Bessent was sentenced to 40 months in prison after pleading guilty to multiple counts of fraud, making prohibited employer–related investments (ERI) and acting as a director while disqualified.
He will serve 35 months for the fraud offences and four months for the ERI offences, to be served together. He was also ordered to serve five months for the director disqualification offences.
The sentence followed investigations by both The Pensions Regulator (TPR) and the Insolvency Service, where the agencies shared information to identify the offences committed by Bessent
It is the first time a prosecution by TPR has led to an immediate custodial sentence.
Selfish and greedy acts
Judge Nicholas Barker said the defendant’s “selfish and greedy acts” targeted “ordinary, hard-working people” who had trusted Bessent to invest their money to provide for their retirement.
Barker said: “The system relies on trust. It’s that trust you breached. You used their money as your own.
“You knew what you were doing was dishonest and wrong.”
The Focusplay Retirement Benefit Scheme was the pension scheme for Gleeson Bessent (Accountants and Business Advisers), of which he was a director.
He was also a director of a professional pension trustee firm Gleeson Bessent Trustees, which was trustee to the Focusplay scheme.
In this way, Bessent was able to access the pension scheme’s funds and transfer them to his other businesses.
Bessent used more than £120,000 to buy himself and his wife a house to rent out as a personal investment, in which their daughter lived with her partner, according to TPR.
TPR added that other funds from the scheme were used to pay tax bills for Bessent’s accountancy business and the business of a client, to subsidise the running costs of a children’s nursery and as start-up investment capital in his son-in-law’s physiotherapy business.

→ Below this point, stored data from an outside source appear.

(* Let $\Omega\subseteq\mathbb{R}^2$ be a bounded, simply connected domain of class $C^1$, let $a_1,\ldots,a_p$ be distinct points in $\Omega$, and let $\{L_1,\ldots,L_q\}$ be a minimal connection for $\{a_1,\ldots,a_p\}$ relative to $\Omega$. Then the segments $L_j$ are pairwise disjoint; for each index $i$ with $a_i\in\Omega$ there is exactly one index $j$ such that $a_i$ is an endpoint of $L_j$; and for each $j$ the intersection $L_j\cap\partial\Omega$ is either empty or an endpoint of $L_j$.
   Context: A connection for $\{a_1,\ldots,a_p\}$ relative to $\Omega$ is a finite collection $\{L_1,\ldots,L_q\}$ of closed non-degenerate straight line segments such that (i) each $L_j\subseteq\overline\Omega$; (ii) each $L_j$ either connects two of $a_1,\ldots,a_p$ or connects some $a_i$ with a point of $\partial\Omega$; (iii) each $a_i$ is an endpoint of an odd number of the $L_j$. A minimal connection relative to $\Omega$ is one minimising $\sum_j\mathcal{H}^1(L_j)$ among all connections relative to $\Omega$. *)

theory Defs
  imports "HOL-Analysis.Analysis"
begin

text \<open>The plane R^2 is modelled by the type complex.\<close>

text \<open>Bounded C^1 domain: open set whose boundary is locally (after a rigid
rotation/translation) the graph of a C^1 function, with the set lying below the graph.\<close>
definition C1_domain :: "complex set \<Rightarrow> bool" where
  "C1_domain \<Omega> \<longleftrightarrow> open \<Omega> \<and> connected \<Omega> \<and>
     (\<forall>p \<in> frontier \<Omega>. \<exists>u r g. cmod u = 1 \<and> r > 0 \<and> g C1_differentiable_on UNIV \<and>
        (\<forall>z. cmod (z - p) < r \<longrightarrow>
           (z \<in> \<Omega> \<longleftrightarrow> Im (u * (z - p)) < g (Re (u * (z - p))))))"

definition seg_endpoint :: "complex \<Rightarrow> complex set \<Rightarrow> bool" where
  "seg_endpoint x S \<longleftrightarrow> (\<exists>y. y \<noteq> x \<and> S = closed_segment x y)"

definition is_connection :: "complex set \<Rightarrow> complex set \<Rightarrow> complex set set \<Rightarrow> bool" where
  "is_connection \<Omega> A C \<longleftrightarrow> finite C \<and>
     (\<forall>L \<in> C. \<exists>x y. x \<noteq> y \<and> L = closed_segment x y \<and> L \<subseteq> closure \<Omega> \<and>
        x \<in> A \<and> (y \<in> A \<or> y \<in> frontier \<Omega>)) \<and>
     (\<forall>a \<in> A. odd (card {L \<in> C. seg_endpoint a L}))"

text \<open>The H^1 measure of a segment is its length, i.e. its diameter.\<close>
definition connection_length :: "complex set set \<Rightarrow> real" where
  "connection_length C = (\<Sum>L\<in>C. diameter L)"

definition is_minimal_connection :: "complex set \<Rightarrow> complex set \<Rightarrow> complex set set \<Rightarrow> bool" where
  "is_minimal_connection \<Omega> A C \<longleftrightarrow> is_connection \<Omega> A C \<and>
     (\<forall>C'. is_connection \<Omega> A C' \<longrightarrow> connection_length C \<le> connection_length C')"

end

(*
  A minimal connection is tested against an exchange principle: removing some of its segments
  and adding admissible segments with the same endpoint parities at every point of A yields
  again a connection, so the removed segments are no longer than the added ones.  Two points
  of A or of the frontier can be joined, parity-wise, at cost at most their distance: by the
  segment itself if it stays in the domain, and otherwise through their nearest frontier
  points.  Hence two segments [a,b], [c,d] of a minimal connection satisfy
  |a - b| + |c - d| <= |a - c| + |b - d|, and likewise with c and d exchanged.  A common point
  of the two segments then lies on all six segments joining a, b, c, d, so it is an endpoint
  of both.  For the same reason a point of A that is an endpoint of three segments would lie
  between any two of the other three endpoints, which is impossible.  Finally, a common
  endpoint on the frontier, or a frontier point inside a segment, would be a boundary point
  where two discs contained in the domain touch from opposite sides, and a C^1 boundary does
  not allow that.
*)
theory Submission
  imports Defs
begin

section \<open>Segments in the plane\<close>

lemma diameter_closed_segment:
  fixes a b :: "'a::euclidean_space"
  shows "diameter (closed_segment a b) = dist a b"
proof (rule antisym)
  show "diameter (closed_segment a b) \<le> dist a b"
  proof (rule diameter_le)
    fix u v assume u: "u \<in> closed_segment a b" and v: "v \<in> closed_segment a b"
    have "dist u v \<le> dist u a \<or> dist u v \<le> dist u b"
      using dist_decreases_closed_segment[OF v] .
    moreover have "dist u a \<le> dist a b \<and> dist u b \<le> dist a b"
      using dist_in_closed_segment[OF u] .
    ultimately show "norm (u - v) \<le> dist a b"
      by (auto simp: dist_norm)
  qed simp
  show "dist a b \<le> diameter (closed_segment a b)"
    by (rule diameter_bounded_bound) (auto simp: bounded_closed_segment)
qed

lemma mem_closed_segment_iff_dist:
  fixes a b x :: "'a::euclidean_space"
  shows "x \<in> closed_segment a b \<longleftrightarrow> dist a b = dist a x + dist x b"
  by (metis between between_mem_segment)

Nicola Parish, TPR’s executive director of frontline regulation, said: “By working with the Insolvency Service, we have brought Bessent to justice and will now go after the money he took from the pension scheme.

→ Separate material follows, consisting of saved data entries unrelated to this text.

lemma column_pairing:
  assumes orth_w: "\<forall>q\<in>V. pairing \<Delta> w q = 0" and orth_c: "\<forall>q\<in>V. pairing \<Delta> c q = 0"
    and col: "\<forall>k<length B. c (B ! k) = w (B ! k + B ! j)"
    and i: "i < length B" and j: "j < length B" and deg: "tdeg p \<le> D"
  shows "pairing \<Delta> c (mmono (B ! i) * p) = moment_functional w (mmono (B ! j) * (mmono (B ! i) * p))"
proof -
  let ?bs = "map mmono B"
  have "pairing \<Delta> c (mmono (B ! i) * p) = moment_functional c (mmono (B ! i) * p)"
    by (rule pairing_eq_moment_functional[OF orth_c tdeg_basis_mult[OF deg i]])
  also have "\<dots> = quot_functional fs ?bs (\<lambda>k. moment_functional w (?bs ! j * ?bs ! k))
                    (mmono (B ! i) * p)"
    unfolding moment_functional_def[of c]
    by (rule quot_functional_values_cong) (simp add: col j moment_functional_gram[OF orth_w])
  also have "\<dots> = moment_functional w (?bs ! j * (mmono (B ! i) * p))"
    unfolding moment_functional_def by (rule quot_functional_expand[OF B_basis])
  finally show ?thesis using j by simp
qed

lemma moment_functional_trace:
  assumes orth: "\<forall>q\<in>V. pairing \<Delta> w q = 0"
    and Minv_right: "\<forall>k<length B. \<forall>l<length B.
                       (\<Sum>m<length B. w (B ! k + B ! m) * Minv m l) = (if k = l then 1 else 0)"
    and J_cong: "J - (\<Sum>l<length B. mmono (B ! l) * (\<Sum>m<length B. mconst (Minv m l) * mmono (B ! m)))
                   \<in> ideal_gen fs"
  shows "moment_functional w (J * g) = mult_trace fs g"
proof -
  let ?bs = "map mmono B"
  have gram: "\<forall>k<length ?bs. \<forall>m<length ?bs.
      quot_functional fs ?bs (\<lambda>k. w (B ! k)) (?bs ! m * ?bs ! k) = w (B ! k + B ! m)"
    using moment_functional_gram[OF orth] by (simp add: moment_functional_def)
  have inv: "\<forall>k<length ?bs. \<forall>l<length ?bs.
      (\<Sum>m<length ?bs. w (B ! k + B ! m) * Minv m l) = (if k = l then 1 else 0)"
    using Minv_right by simp
  note dual = dual_basis_from_inverse_gram[OF B_basis gram inv]
  have "(\<Sum>l<length ?bs. ?bs ! l * (\<Sum>m<length ?bs. mconst (Minv m l) * ?bs ! m))
      = (\<Sum>l<length B. mmono (B ! l) * (\<Sum>m<length B. mconst (Minv m l) * mmono (B ! m)))"
    by (simp only: length_map) (intro sum.cong refl arg_cong2[where f = "(*)"]; simp)
  hence "J - (\<Sum>l<length ?bs. ?bs ! l * (\<Sum>m<length ?bs. mconst (Minv m l) * ?bs ! m))
      \<in> ideal_gen fs" using J_cong by simp
  thus ?thesis unfolding moment_functional_def by (rule trace_formula[OF B_basis dual])
qed

end

theorem theorem3p3:
  fixes fs :: "('v::finite, 'k::field) mpoly list"
    and B :: "'v mon list"
    and D \<Delta> :: nat
    and rows :: "('v, 'k) mpoly list"
    and y :: "'v mon \<Rightarrow> 'k"
    and Minv :: "nat \<Rightarrow> nat \<Rightarrow> 'k"
    and R :: "'v mon \<Rightarrow> nat \<Rightarrow> 'k"
    and J :: "('v, 'k) mpoly"
  defines "N \<equiv> length B"
    and "V \<equiv> ideal_deg fs (\<Delta> + 1) \<inter> {p. tdeg p \<le> \<Delta>}"
  assumes alg_closed: "alg_closed_field TYPE('k)"
    and B_basis: "quot_basis fs (map mmono B)"
    and B_deg: "\<forall>i<N. mdeg (B ! i) \<le> D"
    and Delta_ge: "2 * D \<le> \<Delta>"
    and B_trunc_indep: "\<forall>c. (\<Sum>i<N. mconst (c i) * mmono (B ! i)) \<in> V \<longrightarrow> (\<forall>i<N. c i = 0)"
    and B_trunc_span: "\<forall>p. tdeg p \<le> \<Delta> \<longrightarrow> (\<exists>c. p - (\<Sum>i<N. mconst (c i) * mmono (B ! i)) \<in> V)"
    and rows_in: "set rows \<subseteq> V"
    and rows_indep: "\<forall>a. (\<Sum>i<length rows. mconst (a i) * rows ! i) = 0 \<longrightarrow> (\<forall>i<length rows. a i = 0)"
    and rows_span: "\<forall>p\<in>V. \<exists>a. p = (\<Sum>i<length rows. mconst (a i) * rows ! i)"
    and Mac_y: "\<forall>r\<in>set rows. (\<Sum>\<alpha>\<in>MonLe \<Delta>. Poly_Mapping.lookup r \<alpha> * y \<alpha>) = 0"
    and Minv_right: "\<forall>i<N. \<forall>j<N. (\<Sum>k<N. y (B ! i + B ! k) * Minv k j) = (if i = j then 1 else 0)"
    and Minv_left: "\<forall>i<N. \<forall>j<N. (\<Sum>k<N. Minv i k * y (B ! k + B ! j)) = (if i = j then 1 else 0)"
    and R_def: "\<forall>j<N. \<forall>r\<in>set rows. (\<Sum>\<alpha>\<in>MonLe \<Delta>. Poly_Mapping.lookup r \<alpha> *
                  (if \<alpha> \<in> set B then y (\<alpha> + B ! j) else R \<alpha> j)) = 0"
    and J_span: "\<exists>e. J = (\<Sum>i<N. mconst (e i) * mmono (B ! i))"
    and J_cong: "J - (\<Sum>i<N. mmono (B ! i) * (\<Sum>j<N. mconst (Minv j i) * mmono (B ! j))) \<in> ideal_gen fs"
  shows "\<forall>i<N. \<forall>j<N.
           (\<Sum>\<alpha>\<in>MonLe \<Delta>. Poly_Mapping.lookup (mmono (B ! i) * J) \<alpha> *
               (if \<alpha> \<in> set B then y (\<alpha> + B ! j) else R \<alpha> j))
           = mult_trace fs (mmono (B ! i) * mmono (B ! j))"
proof (intro allI impI)
  fix i j assume i: "i < N" and j: "j < N"
  have "V \<subseteq> ideal_gen fs" unfolding V_def ideal_deg_def ideal_gen_def by blast
  then interpret truncated_basis fs B D \<Delta> V
    using B_basis B_deg Delta_ge B_trunc_span unfolding N_def by unfold_locales
  define col where "col \<alpha> = (if \<alpha> \<in> set B then y (\<alpha> + B ! j) else R \<alpha> j)" for \<alpha>
  have "\<forall>r\<in>set rows. pairing \<Delta> y r = 0" using Mac_y unfolding pairing_def .
  note y_orth = pairing_orth_span[OF this rows_span]
  have "\<forall>r\<in>set rows. pairing \<Delta> col r = 0" using R_def j unfolding pairing_def col_def by blast
  note col_orth = pairing_orth_span[OF this rows_span]
  obtain e where J_eq: "J = (\<Sum>k<N. mconst (e k) * mmono (B ! k))" using J_span by blast
  have deg_J: "tdeg J \<le> D"
    unfolding J_eq by (rule tdeg_lin_comb_mmono) (use B_deg in \<open>simp add: N_def\<close>)
  have "pairing \<Delta> col (mmono (B ! i) * J) = moment_functional y (mmono (B ! j) * (mmono (B ! i) * J))"
    by (rule column_pairing[OF y_orth col_orth _ i[unfolded N_def] j[unfolded N_def] deg_J])
       (simp add: col_def)
  also have "\<dots> = moment_functional y (J * (mmono (B ! i) * mmono (B ! j)))"
    by (simp add: ac_simps)
  also have "\<dots> = mult_trace fs (mmono (B ! i) * mmono (B ! j))"
    using moment_functional_trace[OF y_orth] Minv_right J_cong unfolding N_def by blast
  finally show "(\<Sum>\<alpha>\<in>MonLe \<Delta>. Poly_Mapping.lookup (mmono (B ! i) * J) \<alpha> *
      (if \<alpha> \<in> set B then y (\<alpha> + B ! j) else R \<alpha> j)) = mult_trace fs (mmono (B ! i) * mmono (B ! j))"
    unfolding pairing_def col_def .
qed

end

“This sentence shows how seriously the courts take the theft of people’s hard-earned savings.
“Trustees should be in no doubt that if they abuse their position like Bessent did they should be prepared to go to prison.”
This case is one of many issues Brits are having with pension scams.

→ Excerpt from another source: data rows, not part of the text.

lemma binomial_form:
  fixes c m k n r :: nat
  assumes c: "c * (fact m * fact (k - 1) ^ m * fact (r - 1)) = fact (n - 1) * n ^ m"
    and r: "1 \<le> r" "r \<le> n"
  shows "real c =
         real ((n - 1) choose (r - 1)) * fact (n - r) / (fact m * fact (k - 1) ^ m) * real n ^ m"
proof -
  have "fact (r - 1) * fact (n - r) * ((n - 1) choose (r - 1)) = (fact (n - 1) :: nat)"
    using binomial_fact_lemma[of "r - 1" "n - 1"] r by (simp add: Suc_diff_le)
  with c have "(c * (fact m * fact (k - 1) ^ m)) * fact (r - 1)
      = (((n - 1) choose (r - 1)) * fact (n - r) * n ^ m) * fact (r - 1)"
    by (simp add: ac_simps)
  then have "c * (fact m * fact (k - 1) ^ m) = ((n - 1) choose (r - 1)) * fact (n - r) * n ^ m"
    by simp
  then have "real (c * (fact m * fact (k - 1) ^ m)) =
             real (((n - 1) choose (r - 1)) * fact (n - r) * n ^ m)"
    by (rule arg_cong)
  then have "real c * (fact m * fact (k - 1) ^ m) =
             real ((n - 1) choose (r - 1)) * fact (n - r) * real n ^ m"
    by (simp only: of_nat_mult of_nat_power of_nat_fact)
  then show ?thesis by (simp add: field_simps)
qed

lemma rooted_card_real:
  assumes k: "k \<ge> 2" and r: "1 \<le> r" "r \<le> n" and m: "n - r = m * (k - 1)"
  shows "real (card (rooted n k r)) =
         real ((n - 1) choose (r - 1)) * fact (n - r) / (fact m * fact (k - 1) ^ m) * real n ^ m"
proof (rule binomial_form[OF _ r])
  have "r = n - m * (k - 1)" "m * (k - 1) < n" using m r by auto
  then show "card (rooted n k r) * (fact m * fact (k - 1) ^ m * fact (r - 1)) = fact (n - 1) * n ^ m"
    using rooted_card_formula[OF k] by simp
qed
lemma ex_zariski_open_no_lower_degree:
  assumes "infinite (UNIV :: 'a set)"
  shows "\<exists>U. zariski_open sc m b U \<and> U \<noteq> {} \<and>
    (\<forall>a\<in>U. \<forall>p::'a poly. p \<noteq> 0 \<and> degree p < alg_degree sc m b \<longrightarrow> \<not> satisfies sc a p)"
proof -
  let ?n = "alg_degree sc m b"
  have "\<not> vecs_dependent m (tpow sc m b (generic m)) ?n"
    by (simp add: dependent_generic_powers_iff)
  then obtain \<sigma> where \<sigma>: "\<forall>i<?n. \<sigma> i < m" "minor (tpow sc m b (generic m)) ?n \<sigma> \<noteq> 0"
    unfolding vecs_dependent_iff_minors by blast
  define D where "D = minor (power_coord_poly sc m b) ?n \<sigma>"
  define U where "U = {a. mpeval D (coord sc m b a) \<noteq> 0}"
  have "D \<noteq> 0"
    using \<sigma>(2) by (simp add: D_def minor_generic_powers)
  have "vars_below m D"
    unfolding D_def minor_def by (rule vars_below_det) (simp add: vars_below_power_coord_poly)
  have "\<not> satisfies sc a p" if "a \<in> U" "p \<noteq> 0" "degree p < ?n" for a p
  proof
    assume "satisfies sc a p"
    with that(2,3) have "vecs_dependent m (\<lambda>j. coord sc m b (a ^ j)) ?n"
      by (auto simp: vecs_dependent_iff_annihilating_poly satisfies_iff_annihilates_powers)
    then have "minor (\<lambda>j. coord sc m b (a ^ j)) ?n \<sigma> = 0"
      using \<sigma>(1) by (rule minor_eq_0_if_dependent)
    with \<open>a \<in> U\<close> show False
      by (simp add: U_def D_def minor_powers)
  qed
  moreover have "zariski_open sc m b U"
    unfolding U_def using \<open>vars_below m D\<close> by (rule zariski_open_nonvanishing)
  moreover have "U \<noteq> {}"
    unfolding U_def using ex_mpeval_coord_nonzero[OF assms \<open>D \<noteq> 0\<close> \<open>vars_below m D\<close>] by blast
  ultimately show ?thesis by blast
qed

end

theorem proposition2p9:
  fixes sc :: "'a::field \<Rightarrow> 'r::ring_1 \<Rightarrow> 'r" and m :: nat and b :: "nat \<Rightarrow> 'r"
  assumes "infinite (UNIV :: 'a set)"
    and "is_algebra sc"
    and "is_basis sc m b"
    and "n = alg_degree sc m b"
  shows "(\<forall>a. \<exists>p::'a poly. lead_coeff p = 1 \<and> degree p = n \<and> satisfies sc a p)
    \<and> (\<exists>U. zariski_open sc m b U \<and> U \<noteq> {} \<and>
          (\<forall>a\<in>U. \<forall>p::'a poly. p \<noteq> 0 \<and> degree p < n \<longrightarrow> \<not> satisfies sc a p))"
proof -
  interpret based_algebra sc m b
    using assms(2,3) by unfold_locales
  show ?thesis
    using ex_monic_satisfied ex_zariski_open_no_lower_degree[OF assms(1)] assms(4) by blast
qed

end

Recently, International Adviser reported on a Succession Wealth survey which found at least one in 10 people aged 50 or over in the UK believe they have been contacted by pension scheme scammers in the last 12 months.
Nathan Long, senior analyst at Hargreaves Lansdown, commented on the Bessent case: “The rise of sinister pension scams that aim to trick people into parting with their hard-earned retirement savings is a serious stain on society and needs eradicating.
“The chunky helping of prison time handed out will go a long way to showing quite how intent regulators are on taking down the perpetrators.
“It tends to be those approaching retirement who are in the cross-hairs of the scammers.
“Protect yourself by making sure you only deal with regulated organisations, providing regulated investments and if someone calls out of the blue to talk to you about your pension, just hang up.”